→ **What is being asked**
Once the line containing "then obtain i where" is found in the records below, return it and each following line exactly, up to and including the line containing "define I' where", and nothing else.

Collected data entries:
****

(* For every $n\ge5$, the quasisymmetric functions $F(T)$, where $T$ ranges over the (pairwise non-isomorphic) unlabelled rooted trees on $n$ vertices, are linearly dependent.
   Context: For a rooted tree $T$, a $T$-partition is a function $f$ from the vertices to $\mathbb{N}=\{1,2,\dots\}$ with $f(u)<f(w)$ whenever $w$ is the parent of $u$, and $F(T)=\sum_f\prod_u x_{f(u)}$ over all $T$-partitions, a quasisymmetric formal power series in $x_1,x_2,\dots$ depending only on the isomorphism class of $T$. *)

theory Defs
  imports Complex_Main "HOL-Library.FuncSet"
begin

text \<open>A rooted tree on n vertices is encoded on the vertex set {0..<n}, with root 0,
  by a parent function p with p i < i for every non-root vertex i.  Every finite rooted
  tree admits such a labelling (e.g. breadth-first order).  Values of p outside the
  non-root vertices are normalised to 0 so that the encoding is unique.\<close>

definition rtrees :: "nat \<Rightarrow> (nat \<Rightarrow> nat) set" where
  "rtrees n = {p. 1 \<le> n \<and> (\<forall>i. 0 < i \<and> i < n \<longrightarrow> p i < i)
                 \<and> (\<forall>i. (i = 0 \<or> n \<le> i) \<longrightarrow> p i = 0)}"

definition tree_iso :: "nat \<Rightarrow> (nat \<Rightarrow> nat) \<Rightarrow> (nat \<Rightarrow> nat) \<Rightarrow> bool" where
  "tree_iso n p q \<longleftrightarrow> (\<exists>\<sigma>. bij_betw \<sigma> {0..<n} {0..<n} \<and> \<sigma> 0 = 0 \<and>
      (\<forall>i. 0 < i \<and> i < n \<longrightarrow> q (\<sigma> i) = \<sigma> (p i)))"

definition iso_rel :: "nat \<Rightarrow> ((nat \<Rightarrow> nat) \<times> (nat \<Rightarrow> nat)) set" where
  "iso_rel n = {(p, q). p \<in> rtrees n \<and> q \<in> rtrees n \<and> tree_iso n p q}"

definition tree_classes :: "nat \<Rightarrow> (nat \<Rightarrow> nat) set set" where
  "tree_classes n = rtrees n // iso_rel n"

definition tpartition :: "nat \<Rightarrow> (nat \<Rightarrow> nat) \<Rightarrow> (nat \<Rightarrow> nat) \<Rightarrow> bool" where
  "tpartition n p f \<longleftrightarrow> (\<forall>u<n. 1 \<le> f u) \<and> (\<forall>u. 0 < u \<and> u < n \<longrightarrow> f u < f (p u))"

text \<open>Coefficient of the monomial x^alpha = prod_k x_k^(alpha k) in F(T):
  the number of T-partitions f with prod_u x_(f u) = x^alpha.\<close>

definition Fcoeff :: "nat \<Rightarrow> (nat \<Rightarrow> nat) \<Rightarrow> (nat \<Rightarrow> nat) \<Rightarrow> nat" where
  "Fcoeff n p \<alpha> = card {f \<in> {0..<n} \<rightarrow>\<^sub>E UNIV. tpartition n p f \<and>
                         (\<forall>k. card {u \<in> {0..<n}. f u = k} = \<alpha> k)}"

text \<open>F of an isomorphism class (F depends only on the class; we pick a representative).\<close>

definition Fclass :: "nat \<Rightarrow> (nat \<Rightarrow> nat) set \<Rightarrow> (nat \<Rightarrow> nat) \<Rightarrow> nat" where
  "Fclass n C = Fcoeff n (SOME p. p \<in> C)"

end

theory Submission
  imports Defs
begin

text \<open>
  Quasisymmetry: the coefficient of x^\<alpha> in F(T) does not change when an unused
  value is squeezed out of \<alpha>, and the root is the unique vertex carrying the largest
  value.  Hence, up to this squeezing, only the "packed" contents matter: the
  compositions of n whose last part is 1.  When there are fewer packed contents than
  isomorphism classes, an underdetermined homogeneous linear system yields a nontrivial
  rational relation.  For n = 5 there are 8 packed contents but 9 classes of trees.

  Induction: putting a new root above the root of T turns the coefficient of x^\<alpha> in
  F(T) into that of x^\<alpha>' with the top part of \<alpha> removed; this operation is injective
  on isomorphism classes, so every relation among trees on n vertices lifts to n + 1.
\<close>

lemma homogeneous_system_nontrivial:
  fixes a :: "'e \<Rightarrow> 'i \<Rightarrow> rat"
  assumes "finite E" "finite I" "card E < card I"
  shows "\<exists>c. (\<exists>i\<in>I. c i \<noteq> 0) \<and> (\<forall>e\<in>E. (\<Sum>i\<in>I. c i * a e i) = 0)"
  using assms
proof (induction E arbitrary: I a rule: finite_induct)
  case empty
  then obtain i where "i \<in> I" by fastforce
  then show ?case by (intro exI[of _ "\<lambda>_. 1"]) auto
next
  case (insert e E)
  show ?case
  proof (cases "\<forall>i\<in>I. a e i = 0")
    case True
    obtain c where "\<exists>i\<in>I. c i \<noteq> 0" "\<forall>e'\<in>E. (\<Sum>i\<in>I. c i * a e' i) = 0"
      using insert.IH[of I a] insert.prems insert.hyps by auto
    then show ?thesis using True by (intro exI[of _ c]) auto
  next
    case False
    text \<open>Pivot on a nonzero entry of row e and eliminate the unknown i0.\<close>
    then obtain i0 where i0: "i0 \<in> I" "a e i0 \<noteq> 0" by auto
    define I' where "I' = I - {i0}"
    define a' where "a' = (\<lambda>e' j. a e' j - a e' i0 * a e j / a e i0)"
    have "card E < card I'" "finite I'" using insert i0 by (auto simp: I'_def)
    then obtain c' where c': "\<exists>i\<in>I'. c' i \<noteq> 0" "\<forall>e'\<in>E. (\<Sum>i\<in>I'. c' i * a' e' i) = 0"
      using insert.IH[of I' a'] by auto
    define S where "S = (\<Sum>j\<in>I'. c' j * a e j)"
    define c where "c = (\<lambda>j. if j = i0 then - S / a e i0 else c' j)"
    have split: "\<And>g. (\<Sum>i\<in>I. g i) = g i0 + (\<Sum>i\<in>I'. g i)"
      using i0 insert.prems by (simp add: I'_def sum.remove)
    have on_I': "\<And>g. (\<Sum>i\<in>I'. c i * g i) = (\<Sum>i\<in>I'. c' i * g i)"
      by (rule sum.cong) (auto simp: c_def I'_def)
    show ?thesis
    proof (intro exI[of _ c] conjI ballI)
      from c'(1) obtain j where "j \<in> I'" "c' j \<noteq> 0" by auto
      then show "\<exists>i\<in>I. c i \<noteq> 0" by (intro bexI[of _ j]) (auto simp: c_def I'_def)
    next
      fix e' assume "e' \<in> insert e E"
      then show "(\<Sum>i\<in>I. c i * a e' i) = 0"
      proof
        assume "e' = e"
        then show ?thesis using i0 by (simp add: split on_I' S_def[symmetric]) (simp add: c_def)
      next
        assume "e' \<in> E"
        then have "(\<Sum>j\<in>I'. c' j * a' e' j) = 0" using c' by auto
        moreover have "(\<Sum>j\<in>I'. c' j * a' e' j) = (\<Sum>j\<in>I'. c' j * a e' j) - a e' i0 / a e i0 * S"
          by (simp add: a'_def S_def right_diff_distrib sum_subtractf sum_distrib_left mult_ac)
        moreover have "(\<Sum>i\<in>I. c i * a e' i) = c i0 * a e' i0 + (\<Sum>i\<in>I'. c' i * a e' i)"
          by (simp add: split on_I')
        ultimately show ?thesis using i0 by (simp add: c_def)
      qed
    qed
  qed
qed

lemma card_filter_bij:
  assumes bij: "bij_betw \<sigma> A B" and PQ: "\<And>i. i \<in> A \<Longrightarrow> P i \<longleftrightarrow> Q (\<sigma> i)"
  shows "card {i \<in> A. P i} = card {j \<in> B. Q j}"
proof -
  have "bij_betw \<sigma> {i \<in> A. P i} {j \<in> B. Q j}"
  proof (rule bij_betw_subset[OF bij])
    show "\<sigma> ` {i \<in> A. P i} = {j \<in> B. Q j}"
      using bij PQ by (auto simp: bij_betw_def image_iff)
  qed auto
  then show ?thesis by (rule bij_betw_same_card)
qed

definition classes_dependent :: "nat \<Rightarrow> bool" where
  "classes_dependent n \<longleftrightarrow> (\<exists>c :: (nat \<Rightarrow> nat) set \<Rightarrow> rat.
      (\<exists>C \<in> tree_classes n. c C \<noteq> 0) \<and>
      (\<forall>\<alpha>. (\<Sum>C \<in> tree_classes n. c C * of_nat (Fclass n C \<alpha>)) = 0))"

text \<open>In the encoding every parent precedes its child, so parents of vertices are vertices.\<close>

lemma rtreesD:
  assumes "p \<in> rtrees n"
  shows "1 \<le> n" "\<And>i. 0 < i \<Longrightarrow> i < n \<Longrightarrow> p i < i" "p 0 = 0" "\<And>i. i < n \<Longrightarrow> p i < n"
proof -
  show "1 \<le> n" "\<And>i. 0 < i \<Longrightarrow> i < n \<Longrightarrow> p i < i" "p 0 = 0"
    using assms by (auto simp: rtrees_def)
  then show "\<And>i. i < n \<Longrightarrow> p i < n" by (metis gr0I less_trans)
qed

****

→ **Task response**
  then obtain i where "i \<in> I" by fastforce
  then show ?case by (intro exI[of _ "\<lambda>_. 1"]) auto
next
  case (insert e E)
  show ?case
  proof (cases "\<forall>i\<in>I. a e i = 0")
    case True
    obtain c where "\<exists>i\<in>I. c i \<noteq> 0" "\<forall>e'\<in>E. (\<Sum>i\<in>I. c i * a e' i) = 0"
      using insert.IH[of I a] insert.prems insert.hyps by auto
    then show ?thesis using True by (intro exI[of _ c]) auto
  next
    case False
    text \<open>Pivot on a nonzero entry of row e and eliminate the unknown i0.\<close>
    then obtain i0 where i0: "i0 \<in> I" "a e i0 \<noteq> 0" by auto
    define I' where "I' = I - {i0}"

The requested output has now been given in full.